# New Scape in the discus tank.



## krazypara3165 (3 Feb 2013)

howdy all! after getting my tank in november and being a novice at the planted tank i went out and bought lots of plants and threw them in. shortly after i threw a lot of discus in there too! over the months i have got to learn about co2, scaping, and ferts so today i decided to rescape the tank! the main reason was that my previous layout caused problems with beefheart getting caught in the substrate, and the carpet at the front got so dense it restricted flow and i had a lot of plants that disintegrated due to it. it also gives more space for the discus to swim around and more space for them to eat.

Before (unorganised mess!)






right hand side of tank




left hand side......




New layout

I wanted to use two peices of wood for the centerpieces like two islands. the larger plants are to the back of them with the smaller plants towards the front. 

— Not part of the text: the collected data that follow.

(* Let $k>1$, let $f$ be a positive function, differentiable on $[0,1]$, and define $g(R)=\dfrac{k-1}{\frac{k-1}{k}-R}$ for $R\neq\frac{k-1}{k}$. Consider the planar system $$\frac{dI}{d\tau}=I\,[f(R)(1-I-R)-k],\qquad \frac{dR}{d\tau}=(k-1)I-R,$$ and let $(I^*,R^* )$ be an endemic equilibrium point of it. If $$\frac{df}{dR}(R^* )<\frac{dg}{dR}(R^* )\quad\left(\text{equivalently } <\tfrac{1}{k-1}g^2(R^* ),\ \text{equivalently } <\tfrac{1}{k-1}f^2(R^* )\right),$$ then $(I^*,R^* )$ is a locally stable equilibrium point. If $$\frac{df}{dR}(R^* )>\frac{dg}{dR}(R^* )\quad\left(\text{equivalently } >\tfrac{1}{k-1}g^2(R^* ),\ \text{equivalently } >\tfrac{1}{k-1}f^2(R^* )\right),$$ then $(I^*,R^* )$ is a local saddle point.
   Context: An endemic equilibrium is an equilibrium point $(I^*,R^* )$ of the system with $I^*>0$. "Locally stable" means locally asymptotically stable (both eigenvalues of the Jacobian at the point have negative real part); "saddle" means the Jacobian at the point has one positive and one negative real eigenvalue. *)

theory Defs
  imports "HOL-Analysis.Analysis"
begin

text \<open>Planar autonomous system  x' = P x y, y' = Q x y.
  Jacobian matrix at (x,y), built from the partial derivatives.\<close>
definition jac2 :: "(real \<Rightarrow> real \<Rightarrow> real) \<Rightarrow> (real \<Rightarrow> real \<Rightarrow> real) \<Rightarrow> real \<Rightarrow> real \<Rightarrow> real^2^2" where
  "jac2 P Q x y =
     vector [vector [deriv (\<lambda>s. P s y) x, deriv (\<lambda>s. P x s) y],
             vector [deriv (\<lambda>s. Q s y) x, deriv (\<lambda>s. Q x s) y]]"

definition is_eigenvalue2 :: "real^2^2 \<Rightarrow> complex \<Rightarrow> bool" where
  "is_eigenvalue2 A \<mu> \<longleftrightarrow>
     (\<exists>v :: complex^2. v \<noteq> 0 \<and> (\<chi> i j. complex_of_real (A $ i $ j)) *v v = \<mu> *s v)"

definition is_equilibrium :: "(real \<Rightarrow> real \<Rightarrow> real) \<Rightarrow> (real \<Rightarrow> real \<Rightarrow> real) \<Rightarrow> real \<Rightarrow> real \<Rightarrow> bool" where
  "is_equilibrium P Q x y \<longleftrightarrow> P x y = 0 \<and> Q x y = 0"

definition locally_stable :: "(real \<Rightarrow> real \<Rightarrow> real) \<Rightarrow> (real \<Rightarrow> real \<Rightarrow> real) \<Rightarrow> real \<Rightarrow> real \<Rightarrow> bool" where
  "locally_stable P Q x y \<longleftrightarrow> is_equilibrium P Q x y \<and>
     (\<forall>\<mu>. is_eigenvalue2 (jac2 P Q x y) \<mu> \<longrightarrow> Re \<mu> < 0)"

definition saddle :: "(real \<Rightarrow> real \<Rightarrow> real) \<Rightarrow> (real \<Rightarrow> real \<Rightarrow> real) \<Rightarrow> real \<Rightarrow> real \<Rightarrow> bool" where
  "saddle P Q x y \<longleftrightarrow> is_equilibrium P Q x y \<and>
     (\<exists>\<mu>1 \<mu>2 :: real. \<mu>1 > 0 \<and> \<mu>2 < 0 \<and>
        is_eigenvalue2 (jac2 P Q x y) (complex_of_real \<mu>1) \<and>
        is_eigenvalue2 (jac2 P Q x y) (complex_of_real \<mu>2))"

end

theory Submission
  imports Defs
begin

text \<open>For a real 2x2 matrix the eigenvalues are the roots of
  \<open>\<mu>\<^sup>2 - trace \<cdot> \<mu> + det\<close>, so a negative trace and a positive determinant force
  both real parts to be negative, while a negative determinant gives two real
  eigenvalues of opposite sign. At an endemic equilibrium the relation
  \<open>f(R\<^sup>*)(1 - I\<^sup>* - R\<^sup>*) = k\<close> makes the trace of the Jacobian \<open>-I\<^sup>* f(R\<^sup>*) - 1 < 0\<close>
  and its determinant \<open>(I\<^sup>* k / f(R\<^sup>*)) (f(R\<^sup>*)\<^sup>2 - (k - 1) f'(R\<^sup>*))\<close>; together with
  \<open>R\<^sup>* = (k - 1) I\<^sup>*\<close> it also gives \<open>(k - 1)/k - R\<^sup>* = (k - 1)/f(R\<^sup>*)\<close>, i.e.
  \<open>g'(R\<^sup>*) = f(R\<^sup>*)\<^sup>2/(k - 1)\<close>. Hence the sign of the determinant is the sign of
  \<open>g'(R\<^sup>*) - f'(R\<^sup>*)\<close>.\<close>

lemma matrix_vector_mul_mat: "mat c *v v = c *s v"
  by (simp add: vec_eq_iff matrix_vector_mult_def mat_def if_distrib [of "\<lambda>x. x * _"]
      cong: if_cong)

lemma is_eigenvalue2_iff_char_poly:
  "is_eigenvalue2 A \<mu> \<longleftrightarrow> \<mu>^2 - of_real (trace A) * \<mu> + of_real (det A) = 0"
proof -
  define M :: "complex^2^2" where "M = (\<chi> i j. complex_of_real (A $ i $ j))"
  have "is_eigenvalue2 A \<mu> \<longleftrightarrow> (\<exists>v. v \<noteq> 0 \<and> (M - mat \<mu>) *v v = 0)"
    unfolding is_eigenvalue2_def M_def
    by (simp add: matrix_vector_mult_diff_rdistrib matrix_vector_mul_mat)
  also have "\<dots> \<longleftrightarrow> det (M - mat \<mu>) = 0"
    by (metis invertible_det_nz invertible_left_inverse matrix_left_invertible_ker)
  also have "det (M - mat \<mu>) = \<mu>^2 - of_real (trace A) * \<mu> + of_real (det A)"
    by (simp add: M_def det_2 trace_def sum_2 mat_def algebra_simps power2_eq_square)
  finally show ?thesis .
qed

lemma is_eigenvalue2_of_real_iff:
  "is_eigenvalue2 A (of_real m) \<longleftrightarrow> m^2 - trace A * m + det A = 0"
proof -
  have "(of_real m)^2 - of_real (trace A) * of_real m + of_real (det A)
      = (of_real (m^2 - trace A * m + det A) :: complex)"
    by simp
  then show ?thesis
    by (simp only: is_eigenvalue2_iff_char_poly of_real_eq_0_iff)
qed

lemma quadratic_root_Re_neg:
  fixes \<mu> :: complex
  assumes "t < 0" "d > 0" "\<mu>^2 - of_real t * \<mu> + of_real d = 0"
  shows "Re \<mu> < 0"
proof -
  have re: "(Re \<mu>)^2 - (Im \<mu>)^2 - t * Re \<mu> + d = 0"
    using arg_cong [OF assms(3), of Re] by (simp add: power2_eq_square)
  have im: "(2 * Re \<mu> - t) * Im \<mu> = 0"
    using arg_cong [OF assms(3), of Im] by (simp add: power2_eq_square algebra_simps)
  show ?thesis
  proof (cases "Im \<mu> = 0")
    case True
    with re have "t * Re \<mu> = (Re \<mu>)^2 + d"
      by simp
    also have "\<dots> > 0"
      using assms(2) by (simp add: add_nonneg_pos)
    finally show ?thesis
      using assms(1) by (simp add: zero_less_mult_iff)
  next
    case False
    with im have "Re \<mu> = t / 2"
      by simp
    with assms(1) show ?thesis
      by simp
  qed
qed

lemma quadratic_roots_opposite_sign:
  fixes t d :: real
  assumes "d < 0"
  obtains m1 m2 where "m1 > 0" "m2 < 0" "m1^2 - t * m1 + d = 0" "m2^2 - t * m2 + d = 0"
proof
  define s where "s = sqrt (t^2 - 4 * d)"
  have "0 \<le> t^2 - 4 * d"
    using assms zero_le_power2 [of t] by linarith
  then have s2: "s^2 = t^2 - 4 * d"
    unfolding s_def by simp
  have "\<bar>t\<bar> < s"
    unfolding s_def using assms by (simp add: real_less_rsqrt)
  then show "(t + s) / 2 > 0" "(t - s) / 2 < 0"
    by auto
  show "((t + s) / 2)^2 - t * ((t + s) / 2) + d = 0" "((t - s) / 2)^2 - t * ((t - s) / 2) + d = 0"
    using s2 by (simp_all add: power2_eq_square field_simps)
qed

lemma locally_stable_if_trace_neg_det_pos:
  assumes "is_equilibrium P Q x y" "trace (jac2 P Q x y) < 0" "det (jac2 P Q x y) > 0"
  shows "locally_stable P Q x y"
  using assms quadratic_root_Re_neg [of "trace (jac2 P Q x y)" "det (jac2 P Q x y)"]
  unfolding locally_stable_def is_eigenvalue2_iff_char_poly by blast

lemma saddle_if_det_neg:
  assumes "is_equilibrium P Q x y" "det (jac2 P Q x y) < 0"
  shows "saddle P Q x y"
proof -
  obtain m1 m2 :: real where "m1 > 0" "m2 < 0"
    and "m1^2 - trace (jac2 P Q x y) * m1 + det (jac2 P Q x y) = 0"
    and "m2^2 - trace (jac2 P Q x y) * m2 + det (jac2 P Q x y) = 0"
    using quadratic_roots_opposite_sign assms(2) by blast
  with assms(1) show ?thesis
    unfolding saddle_def is_eigenvalue2_of_real_iff by blast
qed

lemma deriv_const_div_diff:
  fixes a c x :: real
  assumes "x \<noteq> a"
  shows "deriv (\<lambda>x. c / (a - x)) x = c / (a - x)^2"
proof (rule DERIV_imp_deriv)
  show "((\<lambda>x. c / (a - x)) has_real_derivative c / (a - x)^2) (at x)"
    using assms by (auto intro!: derivative_eq_intros simp: power2_eq_square)
qed

lemma is_equilibrium_epidemic_iff:
  assumes "I \<noteq> 0"
  shows "is_equilibrium (\<lambda>I R. I * (f R * (1 - I - R) - k)) (\<lambda>I R. (k - 1) * I - R) I R
    \<longleftrightarrow> f R * (1 - I - R) = k \<and> R = (k - 1) * I"
  using assms unfolding is_equilibrium_def by auto

lemma jac2_epidemic:
  assumes "(f has_real_derivative f') (at R)"
  shows "jac2 (\<lambda>I R. I * (f R * (1 - I - R) - k)) (\<lambda>I R. (k - 1) * I - R) I R
    = vector [vector [f R * (1 - I - R) - k - I * f R, I * (f' * (1 - I - R) - f R)],
              vector [k - 1, -1]]"
proof -
  have "((\<lambda>s. s * (f R * (1 - s - R) - k))
      has_real_derivative f R * (1 - I - R) - k - I * f R) (at I)"
    by (auto intro!: derivative_eq_intros simp: algebra_simps)
  moreover have "((\<lambda>s. I * (f s * (1 - I - s) - k))
      has_real_derivative I * (f' * (1 - I - R) - f R)) (at R)"
    using assms by (auto intro!: derivative_eq_intros simp: algebra_simps)
  moreover have "((\<lambda>s. (k - 1) * s - R) has_real_derivative k - 1) (at I)"
    by (auto intro!: derivative_eq_intros)
  moreover have "((\<lambda>s. (k - 1) * I - s) has_real_derivative -1) (at R)"
    by (auto intro!: derivative_eq_intros)
  ultimately show ?thesis
    unfolding jac2_def by (simp add: DERIV_imp_deriv)
qed

lemma jac2_epidemic_trace_det:
  assumes "(f has_real_derivative f') (at R)" and "f R * (1 - I - R) = k" and "f R \<noteq> 0"
  shows "trace (jac2 (\<lambda>I R. I * (f R * (1 - I - R) - k)) (\<lambda>I R. (k - 1) * I - R) I R)
      = - I * f R - 1" (is "trace ?J = _")
    and "det (jac2 (\<lambda>I R. I * (f R * (1 - I - R) - k)) (\<lambda>I R. (k - 1) * I - R) I R)
      = I * k / f R * ((f R)^2 - (k - 1) * f')"
proof -
  have gap: "1 - I - R = k / f R"
    using assms(2,3) by (simp add: field_simps)
  show "trace ?J = - I * f R - 1" "det ?J = I * k / f R * ((f R)^2 - (k - 1) * f')"
    unfolding jac2_epidemic [OF assms(1)] gap using assms(3)
    by (simp_all add: trace_def sum_2 det_2 field_simps power2_eq_square)
qed

lemma deriv_g_at_endemic:
  fixes k F I R :: real
  assumes "k > 1" "F * (1 - I - R) = k" "R = (k - 1) * I"
  shows "deriv (\<lambda>R. (k - 1) / ((k - 1) / k - R)) R = F^2 / (k - 1)"
proof -
  have "F \<noteq> 0"
    using assms by auto
  have "F * (1 - k * I) = k"
    using assms(2,3) by (simp add: algebra_simps)
  with \<open>F \<noteq> 0\<close> have "1 - k * I = k / F"
    by (simp add: field_simps)
  have "(k - 1) / k - R = (k - 1) / k * (1 - k * I)"
    using assms(1) unfolding assms(3) by (simp add: field_simps)
  also have "\<dots> = (k - 1) / F"
    using \<open>1 - k * I = k / F\<close> assms(1) by simp
  finally have "(k - 1) / k - R = (k - 1) / F" .
  with \<open>F \<noteq> 0\<close> show ?thesis
    using assms(1) by (simp add: deriv_const_div_diff power_divide power2_eq_square)
qed

theorem theorem3:
  fixes k :: real and f :: "real \<Rightarrow> real" and Is Rs :: real
  defines "g \<equiv> (\<lambda>R. (k - 1) / ((k - 1) / k - R))"
      and "P \<equiv> (\<lambda>I R. I * (f R * (1 - I - R) - k))"
      and "Q \<equiv> (\<lambda>I R. (k - 1) * I - R)"
  assumes k: "k > 1"
      and fpos: "\<forall>x\<in>{0..1}. f x > 0"
      and fdiff: "f differentiable_on {0..1}"
      and eq: "is_equilibrium P Q Is Rs"
      and endemic: "Is > 0"
      and Rdom: "Rs \<in> {0..1}"
  shows "(deriv f Rs < deriv g Rs \<longrightarrow> locally_stable P Q Is Rs)
       \<and> (deriv f Rs > deriv g Rs \<longrightarrow> saddle P Q Is Rs)"
proof -
  have fR: "f Rs * (1 - Is - Rs) = k" and R: "Rs = (k - 1) * Is"
    using eq endemic is_equilibrium_epidemic_iff [where I = Is and R = Rs]
    unfolding P_def Q_def by blast+
  have "f Rs > 0"
    using fpos Rdom by blast
  with fR k have "1 - Is - Rs > 0"
    using zero_less_mult_pos [of "f Rs" "1 - Is - Rs"] by simp
  with R k endemic have "Rs \<in> {0<..<1}"
    by simp
  moreover have "f differentiable_on {0<..<1}"
    using fdiff by (rule differentiable_on_subset) auto
  ultimately have "(f has_real_derivative deriv f Rs) (at Rs)"
    by (simp add: differentiable_on_eq_differentiable_at DERIV_deriv_iff_real_differentiable)
  from jac2_epidemic_trace_det [OF this fR] \<open>f Rs > 0\<close>
  have trace: "trace (jac2 P Q Is Rs) < 0"
    and det: "det (jac2 P Q Is Rs) = Is * k / f Rs * ((f Rs)^2 - (k - 1) * deriv f Rs)"
    using mult_pos_pos [OF endemic \<open>f Rs > 0\<close>] unfolding P_def Q_def by auto
  have "deriv g Rs = (f Rs)^2 / (k - 1)"
    unfolding g_def using deriv_g_at_endemic [OF k fR R] .
  then have "deriv f Rs < deriv g Rs \<longleftrightarrow> det (jac2 P Q Is Rs) > 0"
    and "deriv f Rs > deriv g Rs \<longleftrightarrow> det (jac2 P Q Is Rs) < 0"
    unfolding det using k endemic \<open>f Rs > 0\<close>
    by (simp_all add: zero_less_mult_iff mult_less_0_iff pos_less_divide_eq pos_divide_less_eq
        mult.commute)
  then show ?thesis
    using eq trace locally_stable_if_trace_neg_det_pos saddle_if_det_neg by blast
qed

end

and one to see the raised substrate





left hand side





and finally right hand side





i promise ill get out the slr out soon to take some better pics!

Conclusion:
I've realised that less is more and im already enjoying the scape, its easier to see the discus and its easier to feed and clean up the unfed food. the plants that were struggling in the previous scape have gone as have a few that were covered in algae. my girlfriend has also stated it looks loads better which is a first! however i still think i have too many species of plants in there but i will see how it goes.

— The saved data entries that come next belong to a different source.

(* Let $(\phi,y)$ be feasible for the joint routing and caching problem (minimize $T(\phi,y)=\sum_{(i,j)\in\mathcal E}D_{ij}(F_{ij})+\sum_i B_i(Y_i)$ subject to $\phi_{ij}(k),y_i(k)\in[0,1]$ and flow conservation), and suppose that for all $i\in\mathcal V,k\in\mathcal C$, with $$\delta_i(k)=\min\Big\{\frac{B_i'(Y_i)}{t_i(k)},\ \min_{j\in\mathcal N(i)}\Big(D'_{ji}(F_{ji})+\frac{\partial T}{\partial r_j(k)}\Big)\Big\}$$ (where $B_i'(Y_i)/t_i(k):=\infty$ if $t_i(k)=0$), we have: $B_i'(Y_i)=t_i(k)\delta_i(k)$ if $y_i(k)>0$ and $B_i'(Y_i)\ge t_i(k)\delta_i(k)$ if $y_i(k)=0$; and for all $j\in\mathcal N(i)$, $D'_{ji}(F_{ji})+\frac{\partial T}{\partial r_j(k)}=\delta_i(k)$ if $\phi_{ij}(k)>0$ and $\ge\delta_i(k)$ if $\phi_{ij}(k)=0$. Then for every feasible $(\phi^\dagger,y^\dagger)$ (with arrival rates $t^\dagger$), $$T(\phi^\dagger,y^\dagger)-T(\phi,y)\ \ge\ \sum_{i\in\mathcal V}\sum_{k\in\mathcal C}\delta_i(k)\big(y_i(k)-y_i^\dagger(k)\big)\big(t_i^\dagger(k)-t_i(k)\big).$$
   Context: Network model. $\mathcal G=(\mathcal V,\mathcal E)$ is a finite directed graph with $(j,i)\in\mathcal E$ whenever $(i,j)\in\mathcal E$; $\mathcal N(i)=\{j:(i,j)\in\mathcal E\}$. $\mathcal C$ is a finite catalog; item $k$ has nonempty designated server set $\mathcal S_k\subseteq\mathcal V$. Exogenous request rates $r_i(k)\ge0$. Variables: $\phi_{ij}(k)\in[0,1]$ with $\phi_{ij}(k)=0$ if $(i,j)\notin\mathcal E$, and $y_i(k)\in[0,1]$. Flow conservation: $y_i(k)+\sum_{j}\phi_{ij}(k)=1$ if $i\notin\mathcal S_k$ and $=0$ if $i\in\mathcal S_k$. A pair $(\phi,y)$ is feasible if it satisfies these constraints and the arrival rates $t_i(k)$, solving $t_i(k)=r_i(k)+\sum_j t_j(k)\phi_{ji}(k)$, are uniquely determined and nonnegative (e.g. when $\phi$ is loop-free, i.e. for each $k$ the graph with edges $\{(i,j):\phi_{ij}(k)>0\}$ is acyclic). $f_{ji}(k)=t_i(k)\phi_{ij}(k)$, $F_{ij}=\sum_k f_{ij}(k)$, $Y_i=\sum_k y_i(k)$. $D_{ij},B_i$ are continuously differentiable, increasing, convex, zero at $0$. The marginal cost $\frac{\partial T}{\partial r_i(k)}$ satisfies $\frac{\partial T}{\partial r_i(k)}=\sum_{j\in\mathcal N(i)}\phi_{ij}(k)\big(D'_{ji}(F_{ji})+\frac{\partial T}{\partial r_j(k)}\big)$, and equals $0$ if $i\in\mathcal S_k$ or $y_i(k)=1$. *)

theory Defs
  imports "HOL-Analysis.Analysis"
begin

definition nbrs :: "('v \<times> 'v) set \<Rightarrow> 'v \<Rightarrow> 'v set" where
  "nbrs E i = {j. (i, j) \<in> E}"

definition link_flow :: "'k set \<Rightarrow> ('v \<Rightarrow> 'k \<Rightarrow> real) \<Rightarrow> ('v \<Rightarrow> 'v \<Rightarrow> 'k \<Rightarrow> real)
    \<Rightarrow> 'v \<Rightarrow> 'v \<Rightarrow> real" where
  "link_flow C t phi a b = (\<Sum>k\<in>C. t b k * phi b a k)"

definition cache_total :: "'k set \<Rightarrow> ('v \<Rightarrow> 'k \<Rightarrow> real) \<Rightarrow> 'v \<Rightarrow> real" where
  "cache_total C y i = (\<Sum>k\<in>C. y i k)"

definition total_cost :: "'v set \<Rightarrow> ('v \<times> 'v) set \<Rightarrow> 'k set
    \<Rightarrow> ('v \<Rightarrow> 'v \<Rightarrow> real \<Rightarrow> real) \<Rightarrow> ('v \<Rightarrow> real \<Rightarrow> real)
    \<Rightarrow> ('v \<Rightarrow> 'k \<Rightarrow> real) \<Rightarrow> ('v \<Rightarrow> 'v \<Rightarrow> 'k \<Rightarrow> real) \<Rightarrow> ('v \<Rightarrow> 'k \<Rightarrow> real) \<Rightarrow> real" where
  "total_cost V E C D B t phi y =
     (\<Sum>(i,j)\<in>E. D i j (link_flow C t phi i j)) + (\<Sum>i\<in>V. B i (cache_total C y i))"

definition solves_arrival :: "'v set \<Rightarrow> ('v \<Rightarrow> 'k \<Rightarrow> real) \<Rightarrow> ('v \<Rightarrow> 'v \<Rightarrow> 'k \<Rightarrow> real)
    \<Rightarrow> 'k \<Rightarrow> ('v \<Rightarrow> real) \<Rightarrow> bool" where
  "solves_arrival V r phi k s \<longleftrightarrow> (\<forall>i\<in>V. s i = r i k + (\<Sum>j\<in>V. s j * phi j i k))"

definition arrival_rates :: "'v set \<Rightarrow> 'k set \<Rightarrow> ('v \<Rightarrow> 'k \<Rightarrow> real)
    \<Rightarrow> ('v \<Rightarrow> 'v \<Rightarrow> 'k \<Rightarrow> real) \<Rightarrow> ('v \<Rightarrow> 'k \<Rightarrow> real) \<Rightarrow> bool" where
  "arrival_rates V C r phi t \<longleftrightarrow> (\<forall>k\<in>C. solves_arrival V r phi k (\<lambda>i. t i k))"

definition feasible :: "'v set \<Rightarrow> ('v \<times> 'v) set \<Rightarrow> 'k set \<Rightarrow> ('k \<Rightarrow> 'v set)
    \<Rightarrow> ('v \<Rightarrow> 'k \<Rightarrow> real) \<Rightarrow> ('v \<Rightarrow> 'v \<Rightarrow> 'k \<Rightarrow> real) \<Rightarrow> ('v \<Rightarrow> 'k \<Rightarrow> real) \<Rightarrow> bool" where
  "feasible V E C S r phi y \<longleftrightarrow>
     (\<forall>k\<in>C. \<forall>i j. 0 \<le> phi i j k \<and> phi i j k \<le> 1 \<and> ((i, j) \<notin> E \<longrightarrow> phi i j k = 0)) \<and>
     (\<forall>k\<in>C. \<forall>i\<in>V. 0 \<le> y i k \<and> y i k \<le> 1) \<and>
     (\<forall>k\<in>C. \<forall>i\<in>V. y i k + (\<Sum>j\<in>V. phi i j k) = (if i \<in> S k then 0 else 1)) \<and>
     (\<forall>k\<in>C. (\<exists>s. solves_arrival V r phi k s) \<and>
        (\<forall>s s'. solves_arrival V r phi k s \<longrightarrow> solves_arrival V r phi k s' \<longrightarrow> (\<forall>i\<in>V. s i = s' i)) \<and>
        (\<forall>s. solves_arrival V r phi k s \<longrightarrow> (\<forall>i\<in>V. 0 \<le> s i)))"

definition delta :: "('v \<times> 'v) set \<Rightarrow> 'k set \<Rightarrow> ('v \<Rightarrow> 'v \<Rightarrow> real \<Rightarrow> real) \<Rightarrow> ('v \<Rightarrow> real \<Rightarrow> real)
    \<Rightarrow> ('v \<Rightarrow> 'k \<Rightarrow> real) \<Rightarrow> ('v \<Rightarrow> 'v \<Rightarrow> 'k \<Rightarrow> real) \<Rightarrow> ('v \<Rightarrow> 'k \<Rightarrow> real)
    \<Rightarrow> ('v \<Rightarrow> 'k \<Rightarrow> real) \<Rightarrow> 'v \<Rightarrow> 'k \<Rightarrow> ereal" where
  "delta E C D' B' t phi y dT i k =
     min (if t i k = 0 then \<infinity> else ereal (B' i (cache_total C y i) / t i k))
         (INF j\<in>nbrs E i. ereal (D' j i (link_flow C t phi j i) + dT j k))"

end

theory Submission
  imports Defs
begin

any feedback/ constructive criticism would be appreciated!

cheers, craig.


----------



## Bufo Bill (16 Feb 2013)

Like it very much, it has a great sense of depth.

However that's quite a lot of bare foreground. . . perhaps a second colour of substrate could be used to create a path effect, just to give a little more interest to such a large area of the 'scape? 
Just a thought really, as it's impressive as is.

All the best from Bill. 


Sent from my iPod touch using Tapatalk


----------



## krazypara3165 (16 Feb 2013)

Cheers! I'd never actually thought of using another substrate. Maybe a path through the middle? But with using sand how would i keep it seperate?


----------



## Lindy (1 Mar 2013)

I much prefer this layout to the last. It felt like the wood at the right had been jammed up against the glass in the last one.


----------